(Saved entries)
BEGIN

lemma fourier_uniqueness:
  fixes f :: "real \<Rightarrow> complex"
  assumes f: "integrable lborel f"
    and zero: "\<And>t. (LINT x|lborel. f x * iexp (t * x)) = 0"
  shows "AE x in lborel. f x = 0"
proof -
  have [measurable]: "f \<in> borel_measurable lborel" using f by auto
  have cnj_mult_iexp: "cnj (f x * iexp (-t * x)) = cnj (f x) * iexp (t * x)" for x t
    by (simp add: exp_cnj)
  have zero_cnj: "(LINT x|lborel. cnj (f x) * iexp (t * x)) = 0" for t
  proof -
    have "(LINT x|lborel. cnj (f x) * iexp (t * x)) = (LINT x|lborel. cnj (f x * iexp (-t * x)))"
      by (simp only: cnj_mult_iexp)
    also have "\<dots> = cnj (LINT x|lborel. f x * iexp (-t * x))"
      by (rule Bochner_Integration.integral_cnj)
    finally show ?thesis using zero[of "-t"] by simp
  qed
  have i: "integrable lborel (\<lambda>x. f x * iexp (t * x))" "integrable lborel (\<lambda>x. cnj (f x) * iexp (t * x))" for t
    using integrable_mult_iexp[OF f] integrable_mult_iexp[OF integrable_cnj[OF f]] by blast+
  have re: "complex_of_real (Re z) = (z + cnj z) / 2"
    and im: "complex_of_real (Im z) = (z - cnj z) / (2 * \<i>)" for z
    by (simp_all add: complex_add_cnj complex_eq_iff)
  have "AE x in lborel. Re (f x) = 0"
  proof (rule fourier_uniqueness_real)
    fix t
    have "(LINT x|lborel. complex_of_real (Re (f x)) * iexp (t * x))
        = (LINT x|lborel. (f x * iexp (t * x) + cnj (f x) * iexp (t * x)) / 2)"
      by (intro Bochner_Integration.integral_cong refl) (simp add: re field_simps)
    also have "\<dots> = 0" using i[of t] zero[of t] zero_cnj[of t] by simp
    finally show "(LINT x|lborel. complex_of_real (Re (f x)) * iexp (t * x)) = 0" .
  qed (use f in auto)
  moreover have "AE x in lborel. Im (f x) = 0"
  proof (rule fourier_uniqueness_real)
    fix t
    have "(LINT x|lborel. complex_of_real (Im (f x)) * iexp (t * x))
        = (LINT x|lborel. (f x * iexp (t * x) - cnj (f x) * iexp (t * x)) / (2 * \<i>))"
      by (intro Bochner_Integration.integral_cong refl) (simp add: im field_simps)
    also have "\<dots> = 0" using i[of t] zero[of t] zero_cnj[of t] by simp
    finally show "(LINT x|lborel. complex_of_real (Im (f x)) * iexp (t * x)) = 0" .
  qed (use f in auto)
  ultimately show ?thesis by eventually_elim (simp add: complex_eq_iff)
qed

END
BEGIN

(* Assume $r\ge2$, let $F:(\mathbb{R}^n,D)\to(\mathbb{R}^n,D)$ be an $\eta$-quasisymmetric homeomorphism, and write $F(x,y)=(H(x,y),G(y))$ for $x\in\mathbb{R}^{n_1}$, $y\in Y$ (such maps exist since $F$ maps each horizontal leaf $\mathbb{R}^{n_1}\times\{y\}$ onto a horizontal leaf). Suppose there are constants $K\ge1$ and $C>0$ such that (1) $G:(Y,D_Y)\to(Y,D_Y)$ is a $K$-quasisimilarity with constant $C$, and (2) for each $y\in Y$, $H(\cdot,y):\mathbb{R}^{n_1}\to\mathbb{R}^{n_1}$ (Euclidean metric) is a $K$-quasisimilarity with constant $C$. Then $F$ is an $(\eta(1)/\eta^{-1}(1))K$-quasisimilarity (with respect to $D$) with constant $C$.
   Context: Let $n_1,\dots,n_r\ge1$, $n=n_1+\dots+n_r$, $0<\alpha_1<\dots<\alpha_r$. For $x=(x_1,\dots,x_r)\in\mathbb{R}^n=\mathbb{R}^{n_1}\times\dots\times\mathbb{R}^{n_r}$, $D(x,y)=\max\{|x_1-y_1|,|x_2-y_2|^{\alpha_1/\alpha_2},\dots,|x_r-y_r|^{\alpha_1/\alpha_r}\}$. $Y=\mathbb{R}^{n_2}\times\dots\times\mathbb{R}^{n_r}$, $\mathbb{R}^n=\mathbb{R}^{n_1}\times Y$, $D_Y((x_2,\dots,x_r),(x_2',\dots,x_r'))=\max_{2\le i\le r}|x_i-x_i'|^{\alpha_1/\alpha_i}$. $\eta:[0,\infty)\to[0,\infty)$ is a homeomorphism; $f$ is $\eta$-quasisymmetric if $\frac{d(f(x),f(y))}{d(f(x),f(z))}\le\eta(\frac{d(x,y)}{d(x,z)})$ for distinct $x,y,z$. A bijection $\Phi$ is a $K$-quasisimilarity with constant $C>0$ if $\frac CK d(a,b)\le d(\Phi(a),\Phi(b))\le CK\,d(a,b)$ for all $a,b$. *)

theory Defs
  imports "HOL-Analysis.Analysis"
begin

END
BEGIN

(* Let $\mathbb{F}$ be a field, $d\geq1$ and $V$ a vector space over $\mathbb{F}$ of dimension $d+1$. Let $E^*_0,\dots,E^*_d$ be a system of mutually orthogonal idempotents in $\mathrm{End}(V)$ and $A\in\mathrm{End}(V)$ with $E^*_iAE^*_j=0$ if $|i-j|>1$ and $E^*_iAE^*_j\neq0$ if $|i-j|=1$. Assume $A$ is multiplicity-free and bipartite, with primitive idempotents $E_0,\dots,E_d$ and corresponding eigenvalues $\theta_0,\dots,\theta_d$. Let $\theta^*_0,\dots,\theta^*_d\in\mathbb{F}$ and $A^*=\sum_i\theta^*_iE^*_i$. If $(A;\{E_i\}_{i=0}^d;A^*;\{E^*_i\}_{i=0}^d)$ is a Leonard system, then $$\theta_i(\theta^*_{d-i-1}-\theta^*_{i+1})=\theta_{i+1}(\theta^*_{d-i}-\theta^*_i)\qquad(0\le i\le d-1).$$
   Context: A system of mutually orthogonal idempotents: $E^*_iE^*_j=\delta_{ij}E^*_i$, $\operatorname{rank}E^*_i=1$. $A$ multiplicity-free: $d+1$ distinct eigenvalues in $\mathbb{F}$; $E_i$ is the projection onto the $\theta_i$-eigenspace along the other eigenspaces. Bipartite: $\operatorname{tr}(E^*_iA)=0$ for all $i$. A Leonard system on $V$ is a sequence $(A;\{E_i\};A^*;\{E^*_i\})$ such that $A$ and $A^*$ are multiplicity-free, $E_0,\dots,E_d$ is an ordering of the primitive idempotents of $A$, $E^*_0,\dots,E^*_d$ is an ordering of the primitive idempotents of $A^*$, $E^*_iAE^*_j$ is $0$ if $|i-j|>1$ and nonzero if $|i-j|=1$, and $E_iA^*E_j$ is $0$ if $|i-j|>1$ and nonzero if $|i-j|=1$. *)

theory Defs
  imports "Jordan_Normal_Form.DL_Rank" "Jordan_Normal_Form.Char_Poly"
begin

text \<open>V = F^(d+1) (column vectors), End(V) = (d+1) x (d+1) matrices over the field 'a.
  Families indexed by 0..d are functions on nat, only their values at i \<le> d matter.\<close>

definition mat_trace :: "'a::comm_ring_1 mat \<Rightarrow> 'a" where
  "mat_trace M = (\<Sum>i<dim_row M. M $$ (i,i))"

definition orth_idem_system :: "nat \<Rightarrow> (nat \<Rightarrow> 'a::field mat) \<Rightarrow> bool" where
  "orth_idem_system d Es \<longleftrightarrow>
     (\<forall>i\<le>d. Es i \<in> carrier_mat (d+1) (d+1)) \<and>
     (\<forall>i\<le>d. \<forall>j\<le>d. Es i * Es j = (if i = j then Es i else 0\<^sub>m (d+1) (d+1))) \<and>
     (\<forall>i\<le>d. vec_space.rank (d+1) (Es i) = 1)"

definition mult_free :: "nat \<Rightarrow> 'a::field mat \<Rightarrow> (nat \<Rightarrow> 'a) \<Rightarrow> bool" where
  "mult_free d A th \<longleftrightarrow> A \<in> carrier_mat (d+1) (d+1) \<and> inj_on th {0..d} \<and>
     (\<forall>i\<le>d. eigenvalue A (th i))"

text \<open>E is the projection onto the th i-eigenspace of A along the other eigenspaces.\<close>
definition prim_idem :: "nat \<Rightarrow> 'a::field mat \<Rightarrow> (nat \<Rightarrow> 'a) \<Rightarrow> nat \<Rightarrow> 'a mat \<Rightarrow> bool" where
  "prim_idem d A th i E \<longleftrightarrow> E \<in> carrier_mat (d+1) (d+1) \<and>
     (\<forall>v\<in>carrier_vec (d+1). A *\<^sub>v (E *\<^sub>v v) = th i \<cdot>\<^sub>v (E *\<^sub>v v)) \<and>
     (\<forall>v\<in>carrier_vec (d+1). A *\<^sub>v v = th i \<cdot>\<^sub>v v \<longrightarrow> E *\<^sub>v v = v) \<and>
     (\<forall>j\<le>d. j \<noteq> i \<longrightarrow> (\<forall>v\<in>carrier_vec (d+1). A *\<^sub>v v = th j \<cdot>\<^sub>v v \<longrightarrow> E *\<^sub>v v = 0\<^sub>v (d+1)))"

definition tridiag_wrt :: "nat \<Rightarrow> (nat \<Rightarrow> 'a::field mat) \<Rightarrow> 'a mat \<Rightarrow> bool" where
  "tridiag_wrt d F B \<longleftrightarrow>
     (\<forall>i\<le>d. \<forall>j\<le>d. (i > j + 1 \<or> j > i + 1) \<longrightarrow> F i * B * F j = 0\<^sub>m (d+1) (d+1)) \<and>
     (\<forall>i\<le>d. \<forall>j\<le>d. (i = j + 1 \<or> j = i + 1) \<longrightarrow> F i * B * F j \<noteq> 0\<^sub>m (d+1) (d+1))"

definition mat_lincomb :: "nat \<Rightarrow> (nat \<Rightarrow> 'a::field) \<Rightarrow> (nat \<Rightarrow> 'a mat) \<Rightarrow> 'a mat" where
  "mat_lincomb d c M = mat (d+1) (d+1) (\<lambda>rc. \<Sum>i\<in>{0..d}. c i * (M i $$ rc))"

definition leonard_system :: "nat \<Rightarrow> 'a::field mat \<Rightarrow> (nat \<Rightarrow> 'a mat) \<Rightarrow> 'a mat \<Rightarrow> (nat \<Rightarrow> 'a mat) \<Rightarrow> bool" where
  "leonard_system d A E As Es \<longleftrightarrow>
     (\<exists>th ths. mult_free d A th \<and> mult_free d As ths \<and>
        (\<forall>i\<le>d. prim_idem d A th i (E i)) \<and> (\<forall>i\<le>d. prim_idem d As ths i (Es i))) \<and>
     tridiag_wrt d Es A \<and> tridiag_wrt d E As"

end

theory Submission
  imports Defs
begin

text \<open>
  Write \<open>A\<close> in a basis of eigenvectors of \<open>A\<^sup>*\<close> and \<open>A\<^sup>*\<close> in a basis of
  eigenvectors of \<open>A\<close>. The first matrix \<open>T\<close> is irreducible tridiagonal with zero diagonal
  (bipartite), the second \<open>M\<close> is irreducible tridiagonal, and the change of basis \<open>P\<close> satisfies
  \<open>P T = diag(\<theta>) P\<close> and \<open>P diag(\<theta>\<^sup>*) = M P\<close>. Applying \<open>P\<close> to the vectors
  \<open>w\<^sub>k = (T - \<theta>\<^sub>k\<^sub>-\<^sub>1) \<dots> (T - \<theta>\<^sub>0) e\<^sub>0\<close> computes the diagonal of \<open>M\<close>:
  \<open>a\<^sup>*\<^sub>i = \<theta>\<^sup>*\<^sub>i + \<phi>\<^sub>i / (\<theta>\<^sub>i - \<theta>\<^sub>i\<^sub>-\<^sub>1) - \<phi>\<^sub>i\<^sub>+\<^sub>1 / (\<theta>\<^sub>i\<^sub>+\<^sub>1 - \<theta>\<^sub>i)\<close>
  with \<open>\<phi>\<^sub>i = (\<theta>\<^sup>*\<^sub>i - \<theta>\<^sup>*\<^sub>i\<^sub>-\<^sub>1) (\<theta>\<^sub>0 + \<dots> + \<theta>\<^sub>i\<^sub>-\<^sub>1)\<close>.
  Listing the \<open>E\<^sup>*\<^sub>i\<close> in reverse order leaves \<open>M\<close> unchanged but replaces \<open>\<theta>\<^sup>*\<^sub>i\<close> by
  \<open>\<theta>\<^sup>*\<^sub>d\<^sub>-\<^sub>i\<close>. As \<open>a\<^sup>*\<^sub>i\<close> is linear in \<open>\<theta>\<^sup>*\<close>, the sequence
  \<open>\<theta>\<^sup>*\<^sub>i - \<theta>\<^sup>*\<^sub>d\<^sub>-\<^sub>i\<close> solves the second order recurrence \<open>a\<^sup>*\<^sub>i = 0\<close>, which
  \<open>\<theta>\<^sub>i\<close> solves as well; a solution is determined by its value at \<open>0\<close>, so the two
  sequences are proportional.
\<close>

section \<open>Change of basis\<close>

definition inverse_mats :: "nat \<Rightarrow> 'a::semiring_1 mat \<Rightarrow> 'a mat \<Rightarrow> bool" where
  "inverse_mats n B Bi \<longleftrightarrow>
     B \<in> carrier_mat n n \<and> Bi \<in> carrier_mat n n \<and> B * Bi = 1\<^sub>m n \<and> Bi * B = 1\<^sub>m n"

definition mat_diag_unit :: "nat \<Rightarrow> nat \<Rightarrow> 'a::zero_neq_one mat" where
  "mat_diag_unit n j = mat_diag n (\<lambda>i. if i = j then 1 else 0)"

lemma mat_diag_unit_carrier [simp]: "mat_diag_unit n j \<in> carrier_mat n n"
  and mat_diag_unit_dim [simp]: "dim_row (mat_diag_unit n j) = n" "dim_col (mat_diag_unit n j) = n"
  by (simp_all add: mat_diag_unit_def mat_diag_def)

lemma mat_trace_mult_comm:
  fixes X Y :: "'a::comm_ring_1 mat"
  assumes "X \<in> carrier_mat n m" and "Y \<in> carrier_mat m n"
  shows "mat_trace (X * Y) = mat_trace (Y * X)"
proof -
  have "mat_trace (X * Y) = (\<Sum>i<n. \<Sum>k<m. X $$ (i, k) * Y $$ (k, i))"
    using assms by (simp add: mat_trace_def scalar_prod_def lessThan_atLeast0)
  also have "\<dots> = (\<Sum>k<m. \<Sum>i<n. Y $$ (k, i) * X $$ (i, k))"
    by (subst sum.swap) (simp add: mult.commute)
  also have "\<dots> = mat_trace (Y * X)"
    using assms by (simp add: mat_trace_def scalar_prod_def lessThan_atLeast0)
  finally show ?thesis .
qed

END

▸ **WORK REQUIRED**
Start with the line above that contains "(nat \<Rightarrow> 'a) \<Rightarrow> nat" and stop after the line that contains "E \<in> carrier_mat (d+1) (d+1) \<and>". Output those lines exactly, and only those.

▸ **FINISHED TASK**
definition prim_idem :: "nat \<Rightarrow> 'a::field mat \<Rightarrow> (nat \<Rightarrow> 'a) \<Rightarrow> nat \<Rightarrow> 'a mat \<Rightarrow> bool" where
  "prim_idem d A th i E \<longleftrightarrow> E \<in> carrier_mat (d+1) (d+1) \<and>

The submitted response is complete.